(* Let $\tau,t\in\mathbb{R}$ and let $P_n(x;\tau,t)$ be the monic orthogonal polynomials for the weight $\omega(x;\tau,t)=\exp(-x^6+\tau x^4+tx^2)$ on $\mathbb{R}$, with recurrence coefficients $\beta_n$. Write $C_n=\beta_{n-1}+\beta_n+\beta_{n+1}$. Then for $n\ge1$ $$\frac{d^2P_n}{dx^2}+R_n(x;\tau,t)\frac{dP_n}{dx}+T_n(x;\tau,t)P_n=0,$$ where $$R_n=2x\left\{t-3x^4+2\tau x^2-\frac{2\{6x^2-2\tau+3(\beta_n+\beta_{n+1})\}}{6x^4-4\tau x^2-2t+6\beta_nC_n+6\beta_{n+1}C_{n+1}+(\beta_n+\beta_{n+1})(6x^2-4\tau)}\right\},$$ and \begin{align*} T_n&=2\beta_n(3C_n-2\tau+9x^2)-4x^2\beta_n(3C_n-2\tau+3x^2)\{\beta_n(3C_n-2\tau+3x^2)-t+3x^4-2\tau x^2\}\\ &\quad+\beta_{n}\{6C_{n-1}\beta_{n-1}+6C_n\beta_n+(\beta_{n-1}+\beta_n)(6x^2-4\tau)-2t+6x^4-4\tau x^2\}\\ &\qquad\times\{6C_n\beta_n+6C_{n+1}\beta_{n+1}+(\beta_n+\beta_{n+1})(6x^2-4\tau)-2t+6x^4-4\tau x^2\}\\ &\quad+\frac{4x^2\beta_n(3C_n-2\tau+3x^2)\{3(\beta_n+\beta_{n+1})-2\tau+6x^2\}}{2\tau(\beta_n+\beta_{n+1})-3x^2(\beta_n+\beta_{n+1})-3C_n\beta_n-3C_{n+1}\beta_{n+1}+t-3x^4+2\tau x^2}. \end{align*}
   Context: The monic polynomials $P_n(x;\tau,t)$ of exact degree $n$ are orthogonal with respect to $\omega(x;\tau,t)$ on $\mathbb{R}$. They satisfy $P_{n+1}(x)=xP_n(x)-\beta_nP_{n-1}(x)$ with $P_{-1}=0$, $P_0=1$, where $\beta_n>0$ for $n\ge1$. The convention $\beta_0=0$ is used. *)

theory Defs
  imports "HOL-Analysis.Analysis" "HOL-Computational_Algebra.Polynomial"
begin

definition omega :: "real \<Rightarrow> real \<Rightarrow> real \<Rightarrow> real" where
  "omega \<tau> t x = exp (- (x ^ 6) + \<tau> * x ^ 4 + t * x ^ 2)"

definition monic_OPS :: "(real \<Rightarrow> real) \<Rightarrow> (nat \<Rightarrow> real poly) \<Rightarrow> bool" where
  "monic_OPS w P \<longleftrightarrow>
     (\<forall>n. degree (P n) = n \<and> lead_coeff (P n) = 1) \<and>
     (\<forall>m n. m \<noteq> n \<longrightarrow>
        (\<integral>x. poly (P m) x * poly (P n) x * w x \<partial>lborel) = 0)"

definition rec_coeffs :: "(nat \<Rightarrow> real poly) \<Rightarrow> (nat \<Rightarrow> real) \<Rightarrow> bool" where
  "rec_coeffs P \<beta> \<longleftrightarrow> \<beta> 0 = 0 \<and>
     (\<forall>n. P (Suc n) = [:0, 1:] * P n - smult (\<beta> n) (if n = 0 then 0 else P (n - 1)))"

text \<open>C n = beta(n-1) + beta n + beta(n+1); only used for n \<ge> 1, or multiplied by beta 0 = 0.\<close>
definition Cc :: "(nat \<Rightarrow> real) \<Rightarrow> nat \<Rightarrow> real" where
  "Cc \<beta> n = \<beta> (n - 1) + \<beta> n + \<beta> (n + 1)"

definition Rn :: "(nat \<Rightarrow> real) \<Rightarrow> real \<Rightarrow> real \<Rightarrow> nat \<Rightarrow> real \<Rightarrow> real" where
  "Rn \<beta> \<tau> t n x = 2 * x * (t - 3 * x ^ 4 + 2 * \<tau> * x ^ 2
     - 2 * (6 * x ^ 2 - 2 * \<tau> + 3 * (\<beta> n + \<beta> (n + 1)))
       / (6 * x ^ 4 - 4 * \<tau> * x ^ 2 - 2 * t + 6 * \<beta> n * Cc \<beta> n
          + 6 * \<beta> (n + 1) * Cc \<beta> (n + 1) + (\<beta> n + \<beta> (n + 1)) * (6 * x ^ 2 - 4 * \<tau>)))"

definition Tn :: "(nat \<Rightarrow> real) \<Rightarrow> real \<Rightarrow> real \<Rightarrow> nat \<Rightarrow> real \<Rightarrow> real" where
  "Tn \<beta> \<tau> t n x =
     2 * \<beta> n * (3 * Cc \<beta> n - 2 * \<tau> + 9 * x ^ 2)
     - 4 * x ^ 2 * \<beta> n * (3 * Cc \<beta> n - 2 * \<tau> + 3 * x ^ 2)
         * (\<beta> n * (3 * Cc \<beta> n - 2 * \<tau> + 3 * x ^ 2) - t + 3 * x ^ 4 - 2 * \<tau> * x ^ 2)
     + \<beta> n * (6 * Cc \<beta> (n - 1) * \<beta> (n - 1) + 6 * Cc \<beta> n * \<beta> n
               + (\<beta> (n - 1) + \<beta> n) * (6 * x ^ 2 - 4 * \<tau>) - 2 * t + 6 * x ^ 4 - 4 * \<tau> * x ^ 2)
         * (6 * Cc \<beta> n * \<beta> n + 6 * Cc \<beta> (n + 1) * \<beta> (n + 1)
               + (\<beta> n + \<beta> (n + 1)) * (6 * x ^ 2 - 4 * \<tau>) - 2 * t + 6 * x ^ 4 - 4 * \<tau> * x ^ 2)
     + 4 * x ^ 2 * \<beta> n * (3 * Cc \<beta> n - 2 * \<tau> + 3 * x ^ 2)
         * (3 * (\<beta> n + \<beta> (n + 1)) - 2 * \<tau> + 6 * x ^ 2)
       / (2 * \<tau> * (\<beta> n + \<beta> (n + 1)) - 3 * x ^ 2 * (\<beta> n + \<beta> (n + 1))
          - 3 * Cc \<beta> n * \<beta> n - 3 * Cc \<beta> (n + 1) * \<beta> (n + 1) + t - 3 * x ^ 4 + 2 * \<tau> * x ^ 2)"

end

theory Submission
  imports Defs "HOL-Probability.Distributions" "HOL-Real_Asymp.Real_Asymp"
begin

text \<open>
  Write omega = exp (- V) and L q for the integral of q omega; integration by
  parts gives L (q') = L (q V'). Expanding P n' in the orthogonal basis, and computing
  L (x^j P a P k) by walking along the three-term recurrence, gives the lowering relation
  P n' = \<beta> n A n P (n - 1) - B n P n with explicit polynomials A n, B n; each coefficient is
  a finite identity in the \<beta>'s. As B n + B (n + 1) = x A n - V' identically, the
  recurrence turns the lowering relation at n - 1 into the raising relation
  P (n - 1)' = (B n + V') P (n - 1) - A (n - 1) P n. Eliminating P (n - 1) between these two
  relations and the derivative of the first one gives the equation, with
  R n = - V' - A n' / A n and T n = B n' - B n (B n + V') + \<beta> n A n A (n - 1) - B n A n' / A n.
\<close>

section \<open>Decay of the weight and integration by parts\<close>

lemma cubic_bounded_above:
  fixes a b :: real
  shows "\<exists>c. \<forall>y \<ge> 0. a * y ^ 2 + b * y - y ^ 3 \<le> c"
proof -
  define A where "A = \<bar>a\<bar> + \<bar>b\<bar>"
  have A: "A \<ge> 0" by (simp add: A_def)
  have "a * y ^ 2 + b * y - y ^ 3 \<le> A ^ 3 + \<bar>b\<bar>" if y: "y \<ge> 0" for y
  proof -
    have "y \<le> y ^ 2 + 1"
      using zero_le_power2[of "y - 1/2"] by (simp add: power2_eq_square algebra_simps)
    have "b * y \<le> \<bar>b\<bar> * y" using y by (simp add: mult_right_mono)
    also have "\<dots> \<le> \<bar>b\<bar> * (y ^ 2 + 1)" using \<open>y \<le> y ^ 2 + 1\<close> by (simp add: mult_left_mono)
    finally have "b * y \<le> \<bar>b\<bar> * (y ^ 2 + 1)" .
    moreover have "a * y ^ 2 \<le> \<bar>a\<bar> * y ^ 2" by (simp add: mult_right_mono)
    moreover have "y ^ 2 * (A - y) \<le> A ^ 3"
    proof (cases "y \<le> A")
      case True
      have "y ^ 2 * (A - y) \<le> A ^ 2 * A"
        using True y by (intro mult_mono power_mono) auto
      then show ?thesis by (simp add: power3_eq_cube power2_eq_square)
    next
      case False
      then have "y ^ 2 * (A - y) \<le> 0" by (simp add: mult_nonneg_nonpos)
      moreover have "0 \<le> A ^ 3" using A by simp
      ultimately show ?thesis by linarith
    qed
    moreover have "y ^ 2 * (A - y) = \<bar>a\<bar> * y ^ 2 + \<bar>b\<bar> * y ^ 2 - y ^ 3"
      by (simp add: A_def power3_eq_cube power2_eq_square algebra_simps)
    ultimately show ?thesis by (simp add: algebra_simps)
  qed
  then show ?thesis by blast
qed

==============================

[Exercise goal] From the records above, quote only the lines running from the line with "relations and the" to the line with "(simp add: mult_left_mono)", both lines included.

[Worked solution]
  relations and the derivative of the first one gives the equation, with
  R n = - V' - A n' / A n and T n = B n' - B n (B n + V') + \<beta> n A n A (n - 1) - B n A n' / A n.
\<close>

section \<open>Decay of the weight and integration by parts\<close>

lemma cubic_bounded_above:
  fixes a b :: real
  shows "\<exists>c. \<forall>y \<ge> 0. a * y ^ 2 + b * y - y ^ 3 \<le> c"
proof -
  define A where "A = \<bar>a\<bar> + \<bar>b\<bar>"
  have A: "A \<ge> 0" by (simp add: A_def)
  have "a * y ^ 2 + b * y - y ^ 3 \<le> A ^ 3 + \<bar>b\<bar>" if y: "y \<ge> 0" for y
  proof -
    have "y \<le> y ^ 2 + 1"
      using zero_le_power2[of "y - 1/2"] by (simp add: power2_eq_square algebra_simps)
    have "b * y \<le> \<bar>b\<bar> * y" using y by (simp add: mult_right_mono)
    also have "\<dots> \<le> \<bar>b\<bar> * (y ^ 2 + 1)" using \<open>y \<le> y ^ 2 + 1\<close> by (simp add: mult_left_mono)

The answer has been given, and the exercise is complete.